> Records to use
-=-=-=-=-
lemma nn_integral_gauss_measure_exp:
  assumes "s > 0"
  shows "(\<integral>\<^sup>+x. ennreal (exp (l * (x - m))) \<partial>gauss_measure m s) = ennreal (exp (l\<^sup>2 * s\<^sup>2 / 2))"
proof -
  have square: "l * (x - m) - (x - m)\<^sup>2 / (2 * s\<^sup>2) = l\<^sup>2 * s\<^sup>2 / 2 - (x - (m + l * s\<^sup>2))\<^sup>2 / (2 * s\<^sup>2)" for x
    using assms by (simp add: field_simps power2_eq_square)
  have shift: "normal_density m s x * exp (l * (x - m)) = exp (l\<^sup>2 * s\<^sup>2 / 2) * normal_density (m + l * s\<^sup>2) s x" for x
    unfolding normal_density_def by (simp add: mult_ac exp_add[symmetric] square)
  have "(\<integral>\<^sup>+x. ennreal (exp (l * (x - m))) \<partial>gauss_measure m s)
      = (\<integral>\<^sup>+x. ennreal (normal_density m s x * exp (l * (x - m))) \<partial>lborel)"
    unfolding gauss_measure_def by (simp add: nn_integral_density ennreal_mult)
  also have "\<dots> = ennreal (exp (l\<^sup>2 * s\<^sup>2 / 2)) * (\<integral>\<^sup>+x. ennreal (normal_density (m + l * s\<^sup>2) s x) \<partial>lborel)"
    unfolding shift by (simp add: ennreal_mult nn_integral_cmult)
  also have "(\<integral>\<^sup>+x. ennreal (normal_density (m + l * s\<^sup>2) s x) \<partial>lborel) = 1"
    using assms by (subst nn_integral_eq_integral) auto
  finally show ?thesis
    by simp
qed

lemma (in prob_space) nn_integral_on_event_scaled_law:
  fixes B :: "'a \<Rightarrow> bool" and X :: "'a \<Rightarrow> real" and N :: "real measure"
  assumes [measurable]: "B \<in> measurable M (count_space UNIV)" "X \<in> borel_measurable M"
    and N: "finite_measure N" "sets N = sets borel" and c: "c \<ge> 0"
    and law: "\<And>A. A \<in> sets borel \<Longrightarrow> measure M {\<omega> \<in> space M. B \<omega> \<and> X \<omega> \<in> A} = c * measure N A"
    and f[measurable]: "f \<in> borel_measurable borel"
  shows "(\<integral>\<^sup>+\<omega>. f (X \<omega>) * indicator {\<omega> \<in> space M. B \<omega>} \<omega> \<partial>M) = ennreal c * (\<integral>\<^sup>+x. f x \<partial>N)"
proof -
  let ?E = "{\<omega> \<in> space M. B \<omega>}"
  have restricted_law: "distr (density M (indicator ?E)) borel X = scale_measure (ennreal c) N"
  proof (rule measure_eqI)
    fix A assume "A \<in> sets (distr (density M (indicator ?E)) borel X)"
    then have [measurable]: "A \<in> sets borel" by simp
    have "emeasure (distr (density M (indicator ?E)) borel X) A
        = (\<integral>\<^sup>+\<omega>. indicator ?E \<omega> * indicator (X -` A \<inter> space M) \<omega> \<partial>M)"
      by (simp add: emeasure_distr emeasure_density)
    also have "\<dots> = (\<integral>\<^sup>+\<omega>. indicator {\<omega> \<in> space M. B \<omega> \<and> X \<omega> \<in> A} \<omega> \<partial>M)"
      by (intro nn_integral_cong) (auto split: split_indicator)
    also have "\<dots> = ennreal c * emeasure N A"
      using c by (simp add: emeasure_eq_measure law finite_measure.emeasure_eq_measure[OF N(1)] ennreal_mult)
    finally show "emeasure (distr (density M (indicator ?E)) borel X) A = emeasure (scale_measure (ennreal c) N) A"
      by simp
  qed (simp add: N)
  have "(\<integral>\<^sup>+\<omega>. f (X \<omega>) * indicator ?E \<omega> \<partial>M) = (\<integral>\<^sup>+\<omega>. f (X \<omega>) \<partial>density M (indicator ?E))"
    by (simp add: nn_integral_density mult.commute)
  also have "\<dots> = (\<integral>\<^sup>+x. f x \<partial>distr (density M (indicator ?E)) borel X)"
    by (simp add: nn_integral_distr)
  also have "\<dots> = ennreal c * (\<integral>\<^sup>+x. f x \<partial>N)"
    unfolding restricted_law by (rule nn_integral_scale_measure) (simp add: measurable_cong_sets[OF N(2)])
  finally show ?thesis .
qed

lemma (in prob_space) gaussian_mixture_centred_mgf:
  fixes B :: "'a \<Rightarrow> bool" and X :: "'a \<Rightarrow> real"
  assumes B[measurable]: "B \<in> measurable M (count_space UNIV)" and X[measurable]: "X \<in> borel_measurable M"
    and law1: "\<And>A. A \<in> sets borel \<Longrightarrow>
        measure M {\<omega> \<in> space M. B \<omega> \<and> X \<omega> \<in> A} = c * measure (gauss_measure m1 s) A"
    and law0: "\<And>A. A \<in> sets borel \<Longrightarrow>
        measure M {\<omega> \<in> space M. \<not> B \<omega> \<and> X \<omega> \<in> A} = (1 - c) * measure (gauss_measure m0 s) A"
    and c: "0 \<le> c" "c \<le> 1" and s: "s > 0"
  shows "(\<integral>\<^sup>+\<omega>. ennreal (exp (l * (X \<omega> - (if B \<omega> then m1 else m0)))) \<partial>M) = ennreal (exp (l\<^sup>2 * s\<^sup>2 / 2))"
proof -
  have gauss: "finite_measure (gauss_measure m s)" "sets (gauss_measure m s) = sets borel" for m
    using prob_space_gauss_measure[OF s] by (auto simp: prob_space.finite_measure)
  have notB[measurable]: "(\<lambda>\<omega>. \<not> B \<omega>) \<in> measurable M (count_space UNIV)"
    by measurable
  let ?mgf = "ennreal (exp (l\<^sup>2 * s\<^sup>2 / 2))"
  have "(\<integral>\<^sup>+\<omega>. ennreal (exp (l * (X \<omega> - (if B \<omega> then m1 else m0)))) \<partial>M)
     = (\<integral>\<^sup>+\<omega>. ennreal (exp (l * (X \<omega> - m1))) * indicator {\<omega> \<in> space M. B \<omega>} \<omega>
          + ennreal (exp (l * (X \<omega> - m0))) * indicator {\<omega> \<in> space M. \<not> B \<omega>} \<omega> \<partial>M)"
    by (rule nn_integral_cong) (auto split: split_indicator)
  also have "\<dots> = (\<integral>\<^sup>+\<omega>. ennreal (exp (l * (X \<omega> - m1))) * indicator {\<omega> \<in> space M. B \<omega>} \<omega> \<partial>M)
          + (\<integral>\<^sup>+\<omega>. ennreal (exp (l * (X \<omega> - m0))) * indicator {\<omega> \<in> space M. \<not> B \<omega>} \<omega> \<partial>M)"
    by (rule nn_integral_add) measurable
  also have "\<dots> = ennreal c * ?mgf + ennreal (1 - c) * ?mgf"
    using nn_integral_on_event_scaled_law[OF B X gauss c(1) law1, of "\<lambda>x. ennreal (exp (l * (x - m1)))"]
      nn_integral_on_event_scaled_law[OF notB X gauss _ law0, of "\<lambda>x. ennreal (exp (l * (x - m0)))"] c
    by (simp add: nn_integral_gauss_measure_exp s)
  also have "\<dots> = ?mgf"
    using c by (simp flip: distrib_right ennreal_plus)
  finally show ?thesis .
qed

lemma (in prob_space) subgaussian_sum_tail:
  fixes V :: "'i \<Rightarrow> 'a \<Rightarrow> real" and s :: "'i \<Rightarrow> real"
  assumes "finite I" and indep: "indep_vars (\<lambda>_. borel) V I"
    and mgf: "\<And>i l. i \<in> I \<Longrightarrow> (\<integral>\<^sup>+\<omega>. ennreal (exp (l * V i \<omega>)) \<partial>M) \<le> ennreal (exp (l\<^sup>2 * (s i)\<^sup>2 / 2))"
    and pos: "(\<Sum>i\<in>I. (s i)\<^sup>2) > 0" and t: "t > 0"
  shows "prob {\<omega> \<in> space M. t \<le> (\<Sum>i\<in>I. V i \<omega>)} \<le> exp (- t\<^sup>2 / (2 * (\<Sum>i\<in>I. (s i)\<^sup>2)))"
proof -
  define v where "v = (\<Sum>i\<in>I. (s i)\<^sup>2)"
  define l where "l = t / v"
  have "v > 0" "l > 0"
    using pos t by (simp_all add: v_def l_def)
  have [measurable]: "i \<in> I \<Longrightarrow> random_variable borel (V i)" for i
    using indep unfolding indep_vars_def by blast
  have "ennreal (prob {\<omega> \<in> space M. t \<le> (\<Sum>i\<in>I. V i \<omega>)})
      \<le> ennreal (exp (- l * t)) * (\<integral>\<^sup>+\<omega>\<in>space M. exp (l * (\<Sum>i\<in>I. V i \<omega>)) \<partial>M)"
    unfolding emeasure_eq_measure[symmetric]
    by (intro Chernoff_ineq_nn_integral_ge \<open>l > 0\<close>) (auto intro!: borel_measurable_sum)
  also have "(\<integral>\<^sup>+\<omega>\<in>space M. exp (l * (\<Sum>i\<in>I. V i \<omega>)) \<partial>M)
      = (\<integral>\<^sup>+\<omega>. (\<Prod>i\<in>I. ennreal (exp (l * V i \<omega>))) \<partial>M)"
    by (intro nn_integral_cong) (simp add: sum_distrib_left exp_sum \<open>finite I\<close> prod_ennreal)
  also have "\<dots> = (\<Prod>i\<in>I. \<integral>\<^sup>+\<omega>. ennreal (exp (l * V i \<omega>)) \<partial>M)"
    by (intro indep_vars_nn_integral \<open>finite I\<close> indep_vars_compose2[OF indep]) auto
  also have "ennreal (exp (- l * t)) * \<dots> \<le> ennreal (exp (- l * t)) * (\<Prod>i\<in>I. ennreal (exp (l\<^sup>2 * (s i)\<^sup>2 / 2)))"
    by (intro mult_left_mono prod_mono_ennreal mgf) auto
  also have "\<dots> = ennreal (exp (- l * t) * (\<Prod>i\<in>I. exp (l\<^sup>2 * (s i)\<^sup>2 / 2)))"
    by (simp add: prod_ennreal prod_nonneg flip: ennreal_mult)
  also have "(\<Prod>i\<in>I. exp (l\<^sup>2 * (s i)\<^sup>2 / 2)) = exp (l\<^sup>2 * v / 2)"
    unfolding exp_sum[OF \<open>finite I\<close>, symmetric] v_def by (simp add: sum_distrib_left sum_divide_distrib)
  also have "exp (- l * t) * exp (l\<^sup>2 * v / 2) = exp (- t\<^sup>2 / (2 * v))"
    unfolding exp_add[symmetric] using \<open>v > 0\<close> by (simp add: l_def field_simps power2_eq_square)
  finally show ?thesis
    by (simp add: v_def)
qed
-=-=-=-=-
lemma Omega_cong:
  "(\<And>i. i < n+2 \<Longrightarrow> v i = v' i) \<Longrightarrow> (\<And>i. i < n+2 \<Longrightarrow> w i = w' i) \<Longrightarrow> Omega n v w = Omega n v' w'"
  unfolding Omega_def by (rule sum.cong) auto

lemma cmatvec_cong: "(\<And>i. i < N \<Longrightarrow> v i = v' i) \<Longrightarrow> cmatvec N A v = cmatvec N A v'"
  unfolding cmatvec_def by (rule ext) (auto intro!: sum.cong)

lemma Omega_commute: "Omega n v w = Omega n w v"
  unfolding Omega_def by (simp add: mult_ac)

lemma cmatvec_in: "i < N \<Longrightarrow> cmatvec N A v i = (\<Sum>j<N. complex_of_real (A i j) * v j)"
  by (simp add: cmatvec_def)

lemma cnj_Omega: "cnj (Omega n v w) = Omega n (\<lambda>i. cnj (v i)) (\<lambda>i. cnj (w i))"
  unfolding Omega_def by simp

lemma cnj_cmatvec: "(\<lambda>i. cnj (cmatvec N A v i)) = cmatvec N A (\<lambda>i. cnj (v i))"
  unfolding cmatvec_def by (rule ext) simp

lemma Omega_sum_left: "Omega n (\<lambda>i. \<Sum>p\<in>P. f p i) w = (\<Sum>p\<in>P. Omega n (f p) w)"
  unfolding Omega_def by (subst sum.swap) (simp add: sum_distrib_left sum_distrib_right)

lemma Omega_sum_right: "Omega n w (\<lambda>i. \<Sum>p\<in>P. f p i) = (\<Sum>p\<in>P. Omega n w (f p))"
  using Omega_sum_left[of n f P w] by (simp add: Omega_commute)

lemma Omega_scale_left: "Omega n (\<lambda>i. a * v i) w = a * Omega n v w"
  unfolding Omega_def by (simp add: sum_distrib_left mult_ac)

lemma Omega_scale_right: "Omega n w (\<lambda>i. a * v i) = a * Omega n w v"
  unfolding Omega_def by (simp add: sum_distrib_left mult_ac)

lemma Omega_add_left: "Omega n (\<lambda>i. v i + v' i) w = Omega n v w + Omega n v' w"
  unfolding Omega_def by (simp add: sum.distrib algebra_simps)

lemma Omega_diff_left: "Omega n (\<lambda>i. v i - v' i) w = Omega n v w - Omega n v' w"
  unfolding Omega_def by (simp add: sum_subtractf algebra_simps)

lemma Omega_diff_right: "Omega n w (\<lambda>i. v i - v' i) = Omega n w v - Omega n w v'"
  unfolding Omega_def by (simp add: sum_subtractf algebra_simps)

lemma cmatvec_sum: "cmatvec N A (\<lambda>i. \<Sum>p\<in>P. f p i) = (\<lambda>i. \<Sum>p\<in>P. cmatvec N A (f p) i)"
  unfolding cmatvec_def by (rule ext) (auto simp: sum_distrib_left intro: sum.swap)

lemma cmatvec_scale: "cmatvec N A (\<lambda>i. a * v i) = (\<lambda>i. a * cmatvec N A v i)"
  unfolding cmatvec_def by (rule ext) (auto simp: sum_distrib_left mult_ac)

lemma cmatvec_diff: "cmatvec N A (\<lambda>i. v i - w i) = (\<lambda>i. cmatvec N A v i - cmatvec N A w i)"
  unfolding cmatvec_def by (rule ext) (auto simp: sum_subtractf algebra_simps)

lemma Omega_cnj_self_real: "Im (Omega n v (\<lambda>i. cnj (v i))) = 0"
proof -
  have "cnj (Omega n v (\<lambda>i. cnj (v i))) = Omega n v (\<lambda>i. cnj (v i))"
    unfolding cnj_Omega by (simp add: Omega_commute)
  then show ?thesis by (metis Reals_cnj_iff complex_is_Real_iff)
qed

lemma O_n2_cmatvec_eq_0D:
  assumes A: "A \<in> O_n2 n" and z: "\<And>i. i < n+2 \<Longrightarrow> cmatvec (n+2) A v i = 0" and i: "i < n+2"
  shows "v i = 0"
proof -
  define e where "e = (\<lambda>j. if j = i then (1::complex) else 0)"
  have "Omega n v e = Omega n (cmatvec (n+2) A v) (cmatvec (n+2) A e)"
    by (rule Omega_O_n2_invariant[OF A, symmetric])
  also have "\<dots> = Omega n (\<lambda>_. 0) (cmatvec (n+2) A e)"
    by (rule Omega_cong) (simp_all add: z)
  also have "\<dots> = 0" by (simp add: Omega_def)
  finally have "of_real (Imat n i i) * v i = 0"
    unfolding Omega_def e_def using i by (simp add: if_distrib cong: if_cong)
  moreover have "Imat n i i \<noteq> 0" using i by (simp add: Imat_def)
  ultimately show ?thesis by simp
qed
-=-=-=-=-
> The problem
From the listing above, pick out each line where the word "lborel" appears.

> Answer to the problem
      = (\<integral>\<^sup>+x. ennreal (normal_density m s x * exp (l * (x - m))) \<partial>lborel)"
  also have "\<dots> = ennreal (exp (l\<^sup>2 * s\<^sup>2 / 2)) * (\<integral>\<^sup>+x. ennreal (normal_density (m + l * s\<^sup>2) s x) \<partial>lborel)"
  also have "(\<integral>\<^sup>+x. ennreal (normal_density (m + l * s\<^sup>2) s x) \<partial>lborel) = 1"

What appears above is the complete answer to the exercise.